[[ Data under study, beginning ]]
definition in_Xa :: "(rfun \<Rightarrow> ennreal) \<Rightarrow> rfun \<Rightarrow> bool" where
  "in_Xa \<rho> f \<longleftrightarrow> in_X \<rho> f \<and>
     (\<forall>F::nat \<Rightarrow> rfun. (\<forall>n. F n \<in> Mfun) \<and>
        (AE x in M0. \<forall>n. 0 \<le> F n x \<and> F n x \<le> \<bar>f x\<bar> \<and> F (Suc n) x \<le> F n x) \<and>
        (AE x in M0. (\<lambda>n. F n x) \<longlonglongrightarrow> 0)
        \<longrightarrow> (\<lambda>n. \<rho> (F n)) \<longlonglongrightarrow> 0)"

definition cesaro_int :: "rfun \<Rightarrow> real \<Rightarrow> ennreal" where
  "cesaro_int f x = (\<integral>\<^sup>+ t. ennreal \<bar>f t\<bar> * indicator {0<..<x} t \<partial>lborel)"

definition cesaro_finite :: "rfun \<Rightarrow> bool" where
  "cesaro_finite f \<longleftrightarrow> (\<forall>x>0. cesaro_int f x < \<infinity>)"

definition cesaro :: "rfun \<Rightarrow> rfun" where
  "cesaro f x = (if x > 0 then (1 / x) * enn2real (cesaro_int f x) else 0)"

definition cesaro_bounded :: "(rfun \<Rightarrow> ennreal) \<Rightarrow> bool" where
  "cesaro_bounded \<rho> \<longleftrightarrow> (\<exists>K::real. \<forall>f. in_X \<rho> f \<longrightarrow>
       cesaro_finite f \<and> cesaro f \<in> Mfun \<and> \<rho> (cesaro f) \<le> ennreal K * \<rho> f)"

definition cesaro_norm :: "(rfun \<Rightarrow> ennreal) \<Rightarrow> rfun \<Rightarrow> ennreal" where
  "cesaro_norm \<rho> f = (if cesaro_finite f then \<rho> (cesaro f) else \<infinity>)"

definition in_CX :: "(rfun \<Rightarrow> ennreal) \<Rightarrow> rfun \<Rightarrow> bool" where
  "in_CX \<rho> f \<longleftrightarrow> f \<in> Mfun \<and> cesaro_norm \<rho> f < \<infinity>"

definition linf :: "(nat \<Rightarrow> real) set" where
  "linf = {a. bounded (range a)}"

definition contains_lattice_isometric_linf :: "(rfun \<Rightarrow> ennreal) \<Rightarrow> bool" where
  "contains_lattice_isometric_linf \<rho> \<longleftrightarrow>
    (\<exists>T :: (nat \<Rightarrow> real) \<Rightarrow> rfun. \<forall>a\<in>linf. \<forall>b\<in>linf. \<forall>c::real.
        in_CX \<rho> (T a)
      \<and> cesaro_norm \<rho> (T a) = ennreal (SUP n. \<bar>a n\<bar>)
      \<and> (AE x in M0. T (\<lambda>n. a n + b n) x = T a x + T b x)
      \<and> (AE x in M0. T (\<lambda>n. c * a n) x = c * T a x)
      \<and> (AE x in M0. T (\<lambda>n. max (a n) (b n)) x = max (T a x) (T b x)))"

end

theory Submission
  imports Defs
begin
[[ Data under study, end ]]
Only the lines above starting at the line that holds "(\<forall>F::nat \<Rightarrow> rfun." and ending at the line that holds "x) * enn2real" are to be repeated, exactly and in full.

     (\<forall>F::nat \<Rightarrow> rfun. (\<forall>n. F n \<in> Mfun) \<and>
        (AE x in M0. \<forall>n. 0 \<le> F n x \<and> F n x \<le> \<bar>f x\<bar> \<and> F (Suc n) x \<le> F n x) \<and>
        (AE x in M0. (\<lambda>n. F n x) \<longlonglongrightarrow> 0)
        \<longrightarrow> (\<lambda>n. \<rho> (F n)) \<longlonglongrightarrow> 0)"

definition cesaro_int :: "rfun \<Rightarrow> real \<Rightarrow> ennreal" where
  "cesaro_int f x = (\<integral>\<^sup>+ t. ennreal \<bar>f t\<bar> * indicator {0<..<x} t \<partial>lborel)"

definition cesaro_finite :: "rfun \<Rightarrow> bool" where
  "cesaro_finite f \<longleftrightarrow> (\<forall>x>0. cesaro_int f x < \<infinity>)"

definition cesaro :: "rfun \<Rightarrow> rfun" where
  "cesaro f x = (if x > 0 then (1 / x) * enn2real (cesaro_int f x) else 0)"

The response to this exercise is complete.